I started running in 2013 with one specific goal: train for a year and then run the Chevron Houston Marathon. Because of that, I now see the third Sunday in January as my own personal New Year’s Eve – the end of the season, the culmination of twelve months of preparation, a goal unto itself. I have run Chevron twice more since then (and one other marathon), but this year it will not be – I dropped down to the Aramco Half Marathon for 2017 just a few weeks ago, and I’d like to talk about why.
Through spring and summer I run alone, generally; most of my time goes to serving others, and running is essentially my only private space to think (or not think, as the case may be); but once fall approaches I join up with Houston’s Runners High Club for their 18 week marathon training program. They have a fantastic group of volunteer coaches, pace-specific groups, the works. For last year’s marathon I trained with the 4:15 group, and qualified for “A” corral. My coach and I ran together, and for 17 miles we were step for step, perfectly on pace – and then my wheels fell off, and I barely beat the 6-hour cutoff, collapsing into someone’s arms as I fell over the finish line. It was the worst race I ever completed, eclipsed only by a catastrophic DNF due to GI issues at my first and only attempt at a 50 mile ultra. In the wake of such a disappointment, I resolved to train smarter, get stronger, and redeem myself this year – and then life started happening.
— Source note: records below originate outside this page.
(* Let $K$ be a finitely generated abelian group and $S=\mathbb{K}[T_1,\dots,T_r]$ a $K$-graded polynomial ring with homogeneous variables whose grading is effective and pointed, let $I\subseteq S$ be a homogeneous ideal, and let $G:=\operatorname{Aut}_K(S)$. Then the vector subspaces $V:=\bigoplus_{w\in\Omega_S}S_w$ and $W:=\bigoplus_{u\in\Omega_I}S_u$ of $S$ are finite-dimensional, $V$ is invariant under the linear action of $G$ on $S$, and the induced representation $G\to\operatorname{GL}(V)$ is faithful.
   Context: $\mathbb{K}$ algebraically closed of characteristic zero. $\operatorname{Aut}_K(S)$ is the group of graded automorphisms $(\varphi,\psi)$ ($\varphi(S_w)=S_{\psi(w)}$, $\psi\in\operatorname{Aut}(K)$), acting on $S$ by $f\mapsto\varphi(f)$. Effective: $\omega(S)=\{w;\ S_w\ne0\}$ generates $K$; pointed: $S_0=\mathbb{K}$ and the cone generated by $\omega(S)$ in $K\otimes\mathbb{Q}$ contains no line. $w'\le w$ iff $w-w'\in\omega(S)$. $\Omega_S:=\{w\in\omega(S);\ S_w\not\subseteq S_{<w}\}$ where $S_{<w}$ is the subalgebra generated by all $S_{w'}$ with $w'<w$; for a homogeneous ideal $I$, $\Omega_I:=\{w;\ I_w\not\subseteq I_{<w}\}$ where $I_{<w}$ is the ideal generated by all $I_{w'}=I\cap S_{w'}$, $w'<w$. *)

theory Defs
  imports "HOL-Library.Poly_Mapping" "HOL-Computational_Algebra.Polynomial"
begin

type_synonym ('v, 'k) mpoly_pm = "('v \<Rightarrow>\<^sub>0 nat) \<Rightarrow>\<^sub>0 'k"

definition nsmul :: "nat \<Rightarrow> 'g::ab_group_add \<Rightarrow> 'g" where
  "nsmul n x = (\<Sum>_<n. x)"

definition zsmul :: "int \<Rightarrow> 'g::ab_group_add \<Rightarrow> 'g" where
  "zsmul z x = (if z \<ge> 0 then nsmul (nat z) x else - nsmul (nat (- z)) x)"

inductive_set gen_subgroup :: "'g::ab_group_add set \<Rightarrow> 'g set" for A where
  gs_zero: "0 \<in> gen_subgroup A"
| gs_gen: "a \<in> A \<Longrightarrow> a \<in> gen_subgroup A"
| gs_add: "a \<in> gen_subgroup A \<Longrightarrow> b \<in> gen_subgroup A \<Longrightarrow> a + b \<in> gen_subgroup A"
| gs_neg: "a \<in> gen_subgroup A \<Longrightarrow> - a \<in> gen_subgroup A"

definition fin_gen_group :: "'g::ab_group_add itself \<Rightarrow> bool" where
  "fin_gen_group _ \<longleftrightarrow> (\<exists>F::'g set. finite F \<and> gen_subgroup F = UNIV)"

definition mdeg :: "('v::finite \<Rightarrow> 'g::ab_group_add) \<Rightarrow> ('v \<Rightarrow>\<^sub>0 nat) \<Rightarrow> 'g" where
  "mdeg dg m = (\<Sum>v\<in>UNIV. nsmul (Poly_Mapping.lookup m v) (dg v))"
lemma classical_solution_exponential_bounds:
  assumes sol: "classical_solution F u0 u" and "smooth F" "0 \<le> K"
    and div_bound: "\<And>x. \<bar>divergence F x\<bar> \<le> K"
    and "0 < \<delta>" and init: "\<And>x. \<delta> < u0 x \<and> u0 x < 1 - \<delta>"
    and "0 \<le> t"
  shows "\<delta> * exp (- (2 * K + 1) * t) \<le> u t x \<and> u t x \<le> 1 - \<delta> * exp (- (2 * K + 1) * t)"
proof -
  from sol have cont: "continuous_on ({0..} \<times> UNIV) (\<lambda>(t,x). u t x)"
    and per: "\<forall>t\<ge>0. torus_periodic (u t)" and "\<And>x. u 0 x = u0 x"
    unfolding classical_solution_def by blast+
  with init have init_u: "\<And>x. \<delta> < u 0 x \<and> u 0 x < 1 - \<delta>"
    by simp
  have "\<delta> < 1"
    using init_u[of 0] by linarith
  have "\<delta> * exp (- (2 * K + 1) * t) \<le> u t x"
  proof (rule exponential_lower_barrier[OF cont per \<open>0 < \<delta>\<close> \<open>\<delta> < 1\<close> _ _ _ \<open>0 \<le> t\<close>])
    show "\<exists>D. ((\<lambda>s. u s x) has_real_derivative D) (at t) \<and> - (2 * K) * u t x \<le> D"
      if "0 < t" "\<forall>y. u t x \<le> u t y" "0 < u t x" "u t x < 1" for t x
      by (rule classical_solution_growth_at_minimum[OF sol \<open>smooth F\<close> \<open>0 \<le> K\<close> div_bound that])
  qed (use \<open>0 \<le> K\<close> init_u in auto)
  moreover have "\<delta> * exp (- (2 * K + 1) * t) \<le> 1 - u t x"
  proof (rule exponential_lower_barrier[where w = "\<lambda>t x. 1 - u t x", OF _ _ \<open>0 < \<delta>\<close> \<open>\<delta> < 1\<close> _ _ _ \<open>0 \<le> t\<close>])
    show "continuous_on ({0..} \<times> UNIV) (\<lambda>(t,x). 1 - u t x)"
      using continuous_on_diff[OF continuous_on_const cont] by (simp add: case_prod_beta')
    show "\<forall>t\<ge>0. torus_periodic (\<lambda>x. 1 - u t x)"
      using per by (simp add: torus_periodic_def)
    show "\<exists>D. ((\<lambda>s. 1 - u s x) has_real_derivative D) (at t) \<and> - (2 * K) * (1 - u t x) \<le> D"
      if "0 < t" "\<forall>y. 1 - u t x \<le> 1 - u t y" "0 < 1 - u t x" "1 - u t x < 1" for t x
      using that by (intro classical_solution_growth_at_maximum[OF sol \<open>smooth F\<close> \<open>0 \<le> K\<close> div_bound]) auto
    show "\<delta> < 1 - u 0 x" for x
      using init_u[of x] by linarith
  qed (use \<open>0 \<le> K\<close> in auto)
  ultimately show ?thesis
    by simp
qed

theorem lemmaB3:
  fixes F :: "real^'n \<Rightarrow> real^'n" and \<epsilon>0 T :: real
  assumes "smooth F" and "torus_periodic F"
    and "\<epsilon>0 > 0" and "T > 0"
  shows "\<exists>\<epsilon>1 > 0. \<forall>(u0 :: real^'n \<Rightarrow> real) (u :: real \<Rightarrow> real^'n \<Rightarrow> real).
           smooth u0 \<and> torus_periodic u0 \<and> (\<forall>x. u0 x \<in> {0..1})
           \<and> (\<forall>x. \<epsilon>0 \<le> u0 x \<and> u0 x \<le> 1 - \<epsilon>0)
           \<and> classical_solution F u0 u
           \<longrightarrow> (\<forall>t\<in>{0..T}. \<forall>x. \<epsilon>1 \<le> u t x \<and> u t x \<le> 1 - \<epsilon>1)"
proof -
  obtain K where "0 \<le> K" and div_bound: "\<And>x. \<bar>divergence F x\<bar> \<le> K"
    using divergence_bounded[OF assms(1,2)] by blast
  define \<delta> where "\<delta> = \<epsilon>0 / 2"
  define \<epsilon>1 where "\<epsilon>1 = \<delta> * exp (- (2 * K + 1) * T)"
  have "0 < \<delta>"
    using assms(3) by (simp add: \<delta>_def)
  have decay: "\<epsilon>1 \<le> \<delta> * exp (- (2 * K + 1) * t)" if "t \<le> T" for t
    unfolding \<epsilon>1_def using that \<open>0 \<le> K\<close> \<open>0 < \<delta>\<close> by (simp add: mult_left_mono)
  show ?thesis
  proof (intro exI[of _ \<epsilon>1] conjI allI impI ballI)
    show "0 < \<epsilon>1"
      using \<open>0 < \<delta>\<close> by (simp add: \<epsilon>1_def)
    fix u0 u t x
    assume "smooth u0 \<and> torus_periodic u0 \<and> (\<forall>x. u0 x \<in> {0..1})
      \<and> (\<forall>x. \<epsilon>0 \<le> u0 x \<and> u0 x \<le> 1 - \<epsilon>0) \<and> classical_solution F u0 u" and "t \<in> {0..T}"
    then have sol: "classical_solution F u0 u" and bounds: "\<forall>x. \<epsilon>0 \<le> u0 x \<and> u0 x \<le> 1 - \<epsilon>0"
      and "0 \<le> t" "t \<le> T"
      by auto
    have "\<delta> < u0 y \<and> u0 y < 1 - \<delta>" for y
      using bounds[rule_format, of y] assms(3) unfolding \<delta>_def by linarith
    from classical_solution_exponential_bounds[OF sol assms(1) \<open>0 \<le> K\<close> div_bound \<open>0 < \<delta>\<close> this \<open>0 \<le> t\<close>, where x = x]
    show "\<epsilon>1 \<le> u t x" "u t x \<le> 1 - \<epsilon>1"
      using decay[OF \<open>t \<le> T\<close>] by linarith+
  qed
qed

end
I took about a month off after the marathon to heal up the damage I had done by refusing to drop, and slowly began rebuilding my base as spring came along. However I was still adjusting to being self-employed, with erratic hours, lots of travel, and less money than I had been accustomed to having. Running took a back seat to other things, and I found myself falling further and further away. Then, in June I re-aggravated an old back injury, and running went completely out the window for 6 weeks – heck, I could barely breathe some days. Just when it seemed I could rejoin the club and get back on track, my dad’s health turned for the worse, and he passed away at the end of July. The next month was a blur, and before I knew it, September had arrived, and I felt I was quickly running out of time to prepare; my best year of training had yielded such awful results, so I had huge reservations about the prospect this time around.
I ran a few shorter races through the fall, including a pair of half’s, with respectable (if not PR-worthy) outcomes, but nothing that made me believe I could face the full this year. I dithered with it for a time, but eventually it came down to three options:
- Don’t run at all, and let the time and money already spent go for naught.
- Go ahead and attempt it, knowing it would end in a miserable death march, IF I made it to the finish.
- Drop down to the half, which I was certain I could complete without crippling myself, and enjoy the experience instead of suffering through it.
When you lay it out like that, the correct choice becomes obvious, and that’s what I decided. I’m still not in prime form, but I know I can run at least 2:30 next week, maybe even a bit faster if the cards fall right. What happens after that remains to be seen. I’ll be moving away from Houston and everything I know. I may or may not come back next year to run Chevron again; there are some very well-run events in the Rio Grande Valley that occur around the same time; I believe the McAllen Marathon is held on the same day.
Whatever the future brings, I know that I will meet it by running towards it, not away from it, and for now, that is enough.